══ Records ══

lemma matched_error_le:
  assumes k: "k \<ge> 2" and d: "d > 0" and sep: "index_separated k d \<theta>" and perm: "\<sigma> permutes {1..k}"
    and close: "\<forall>m\<in>{1..k}. \<bar>\<theta>h (\<sigma> m) - \<theta> m\<bar> < d/2"
    and val: "\<bar>\<Prod>l\<in>{1..k}. \<theta> j - \<theta>h l\<bar> < \<epsilon>" and j: "j \<in> {1..k}"
  shows "\<bar>\<theta>h (\<sigma> j) - \<theta> j\<bar> \<le> 2^(k-1) * \<epsilon> / (fact (k-2) * d^(k-1))"
proof -
  define X where "X = fact (k-2) * (d/2)^(k-1)"
  have X: "X > 0" unfolding X_def using d by simp
  have "\<bar>\<Prod>l\<in>{1..k}. \<theta> j - \<theta>h l\<bar> = (\<Prod>m\<in>{1..k}. \<bar>\<theta> j - \<theta>h (\<sigma> m)\<bar>)"
    unfolding abs_prod using prod.permute[OF perm] by simp
  also have "\<dots> = \<bar>\<theta>h (\<sigma> j) - \<theta> j\<bar> * (\<Prod>m\<in>{1..k}-{j}. \<bar>\<theta> j - \<theta>h (\<sigma> m)\<bar>)"
    using j by (simp add: prod.remove abs_minus_commute)
  also have "\<dots> \<ge> \<bar>\<theta>h (\<sigma> j) - \<theta> j\<bar> * X"
    unfolding X_def using prod_matched_distance_ge[OF k d sep close j] by (intro mult_left_mono) auto
  finally have "\<bar>\<theta>h (\<sigma> j) - \<theta> j\<bar> * X < \<epsilon>" using val by linarith
  then have "\<bar>\<theta>h (\<sigma> j) - \<theta> j\<bar> \<le> \<epsilon> / X" using X by (simp add: pos_le_divide_eq)
  also have "\<dots> = 2^(k-1) * \<epsilon> / (fact (k-2) * d^(k-1))" by (simp add: X_def power_divide)
  finally show ?thesis .
qed

section \<open>The residual vector and the minimal separation\<close>

lemma eta_of_real:
  "eta p q (\<lambda>j. complex_of_real (x j)) (\<lambda>j. complex_of_real (y j)) j = \<bar>\<Prod>l=1..q. x j - y l\<bar>"
  unfolding eta_def abs_prod by (intro prod.cong refl) (simp flip: of_real_diff)

lemma abs_le_infnorm_vec: "j \<in> {1..p} \<Longrightarrow> \<bar>v j\<bar> \<le> infnorm_vec p v"
  unfolding infnorm_vec_def by (intro Max_ge) auto

lemma abs_prod_diff_lt_if_infnorm_eta_lt:
  assumes "infnorm_vec k (eta k k (\<lambda>j. complex_of_real (x j)) (\<lambda>j. complex_of_real (y j))) < \<epsilon>"
  shows "\<forall>i\<in>{1..k}. \<bar>\<Prod>l\<in>{1..k}. x i - y l\<bar> < \<epsilon>"
proof
  fix i assume i: "i \<in> {1..k}"
  have "\<bar>\<Prod>l\<in>{1..k}. x i - y l\<bar> = \<bar>eta k k (\<lambda>j. complex_of_real (x j)) (\<lambda>j. complex_of_real (y j)) i\<bar>"
    by (simp add: eta_of_real)
  also have "\<dots> \<le> infnorm_vec k (eta k k (\<lambda>j. complex_of_real (x j)) (\<lambda>j. complex_of_real (y j)))"
    by (rule abs_le_infnorm_vec[OF i])
  finally show "\<bar>\<Prod>l\<in>{1..k}. x i - y l\<bar> < \<epsilon>" using assms by linarith
qed

lemma finite_theta_min_set:
  fixes \<theta> :: "nat \<Rightarrow> real"
  shows "finite {\<bar>\<theta> q - \<theta> j\<bar> | q j. q \<in> {1..k} \<and> j \<in> {1..k} \<and> q \<noteq> j}"
proof -
  have "{\<bar>\<theta> q - \<theta> j\<bar> | q j. q \<in> {1..k} \<and> j \<in> {1..k} \<and> q \<noteq> j}
          \<subseteq> (\<lambda>(q, j). \<bar>\<theta> q - \<theta> j\<bar>) ` ({1..k} \<times> {1..k})"
    by auto
  then show ?thesis by (rule finite_subset) auto
qed

lemma theta_min_le:
  assumes "q \<in> {1..k}" "j \<in> {1..k}" "q \<noteq> j"
  shows "theta_min k \<theta> \<le> \<bar>\<theta> q - \<theta> j\<bar>"
  unfolding theta_min_def by (rule Min_le[OF finite_theta_min_set]) (use assms in blast)

lemma theta_min_pos:
  assumes k: "k \<ge> 2" and inj: "inj_on \<theta> {1..k}"
  shows "theta_min k \<theta> > 0"
proof -
  have "\<bar>\<theta> 1 - \<theta> 2\<bar> \<in> {\<bar>\<theta> q - \<theta> j\<bar> | q j. q \<in> {1..k} \<and> j \<in> {1..k} \<and> q \<noteq> j}"
    using k by fastforce
  then have "theta_min k \<theta> \<in> {\<bar>\<theta> q - \<theta> j\<bar> | q j. q \<in> {1..k} \<and> j \<in> {1..k} \<and> q \<noteq> j}"
    unfolding theta_min_def by (intro Min_in finite_theta_min_set) auto
  then show ?thesis using inj by (auto simp: inj_on_eq_iff)
qed

lemma inj_on_if_increasing:
  fixes \<theta> :: "nat \<Rightarrow> 'a::linorder"
  assumes "\<forall>i j. 1 \<le> i \<and> i < j \<and> j \<le> k \<longrightarrow> \<theta> i < \<theta> j"
  shows "inj_on \<theta> {1..k}"
proof (rule inj_onI)
  fix i m assume "i \<in> {1..k}" "m \<in> {1..k}" "\<theta> i = \<theta> m"
  then show "i = m" using assms by (cases i m rule: linorder_cases) force+
qed

theorem lemma3p7:
  fixes k :: nat and \<theta> \<theta>h :: "nat \<Rightarrow> real" and \<epsilon> :: real
  assumes "k \<ge> 2"
    and "\<forall>j\<in>{1..k}. - (pi/2) \<le> \<theta> j \<and> \<theta> j \<le> pi/2"
    and "\<forall>i j. 1 \<le> i \<and> i < j \<and> j \<le> k \<longrightarrow> \<theta> i < \<theta> j"
    and "\<forall>j\<in>{1..k}. - (pi/2) \<le> \<theta>h j \<and> \<theta>h j \<le> pi/2"
    and "\<epsilon> > 0"
    and "infnorm_vec k (eta k k (\<lambda>j. complex_of_real (\<theta> j)) (\<lambda>j. complex_of_real (\<theta>h j))) < \<epsilon>"
    and "theta_min k \<theta> \<ge> root k (4 * \<epsilon> / lam k)"
  shows "\<exists>\<sigma>. \<sigma> permutes {1..k} \<and>
           (\<forall>j\<in>{1..k}. \<bar>\<theta>h (\<sigma> j) - \<theta> j\<bar> < theta_min k \<theta> / 2 \<and>
              \<bar>\<theta>h (\<sigma> j) - \<theta> j\<bar> \<le> 2^(k-1) * \<epsilon> / (fact (k-2) * theta_min k \<theta> ^ (k-1)))"
proof -
  note k = assms(1) and mono = assms(3)
  define d where "d = theta_min k \<theta>"
  have gap: "\<forall>i\<in>{1..k}. \<forall>m\<in>{1..k}. i \<noteq> m \<longrightarrow> d \<le> \<bar>\<theta> i - \<theta> m\<bar>"
    unfolding d_def using theta_min_le by blast
  have sep: "index_separated k d \<theta>" by (rule index_separated_if_increasing[OF mono gap])
  have d: "d > 0" unfolding d_def by (rule theta_min_pos[OF k inj_on_if_increasing[OF mono]])
  have eps: "\<epsilon> * 2^k \<le> fact (k-1) * d^k"
    unfolding d_def using k assms(5,7) by (intro root_lam_le_imp_eps_le) auto
  have vals: "\<forall>i\<in>{1..k}. \<bar>\<Prod>l\<in>{1..k}. \<theta> i - \<theta>h l\<bar> < \<epsilon>"
    by (rule abs_prod_diff_lt_if_infnorm_eta_lt[OF assms(6)])
  have "\<forall>j\<in>{1..k}. \<exists>l\<in>{1..k}. dist (\<theta>h l) (\<theta> j) < d/2"
    using root_near_node[OF _ d sep vals eps] k by (simp add: dist_real_def)
  moreover have "\<forall>i\<in>{1..k}. \<forall>j\<in>{1..k}. i \<noteq> j \<longrightarrow> 2 * (d/2) \<le> dist (\<theta> i) (\<theta> j)"
    using gap by (simp add: dist_real_def)
  ultimately obtain \<sigma> where \<sigma>: "\<sigma> permutes {1..k}" "\<forall>j\<in>{1..k}. dist (\<theta>h (\<sigma> j)) (\<theta> j) < d/2"
    using permutation_of_close_matching[of "{1..k}"] by blast
  then have close: "\<forall>j\<in>{1..k}. \<bar>\<theta>h (\<sigma> j) - \<theta> j\<bar> < d/2" by (simp add: dist_real_def)
  show ?thesis
    unfolding d_def[symmetric] using \<sigma>(1) close matched_error_le[OF k d sep \<sigma>(1) close] vals by blast
qed

end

═══

Brief → Taking the entries above, write out exactly each line from the one holding "section \<open>The residual" to the one holding "by (rule abs_le_infnorm_vec[OF i])", both included, and stop there.

Written reply →
section \<open>The residual vector and the minimal separation\<close>

lemma eta_of_real:
  "eta p q (\<lambda>j. complex_of_real (x j)) (\<lambda>j. complex_of_real (y j)) j = \<bar>\<Prod>l=1..q. x j - y l\<bar>"
  unfolding eta_def abs_prod by (intro prod.cong refl) (simp flip: of_real_diff)

lemma abs_le_infnorm_vec: "j \<in> {1..p} \<Longrightarrow> \<bar>v j\<bar> \<le> infnorm_vec p v"
  unfolding infnorm_vec_def by (intro Max_ge) auto

lemma abs_prod_diff_lt_if_infnorm_eta_lt:
  assumes "infnorm_vec k (eta k k (\<lambda>j. complex_of_real (x j)) (\<lambda>j. complex_of_real (y j))) < \<epsilon>"
  shows "\<forall>i\<in>{1..k}. \<bar>\<Prod>l\<in>{1..k}. x i - y l\<bar> < \<epsilon>"
proof
  fix i assume i: "i \<in> {1..k}"
  have "\<bar>\<Prod>l\<in>{1..k}. x i - y l\<bar> = \<bar>eta k k (\<lambda>j. complex_of_real (x j)) (\<lambda>j. complex_of_real (y j)) i\<bar>"
    by (simp add: eta_of_real)
  also have "\<dots> \<le> infnorm_vec k (eta k k (\<lambda>j. complex_of_real (x j)) (\<lambda>j. complex_of_real (y j)))"
    by (rule abs_le_infnorm_vec[OF i])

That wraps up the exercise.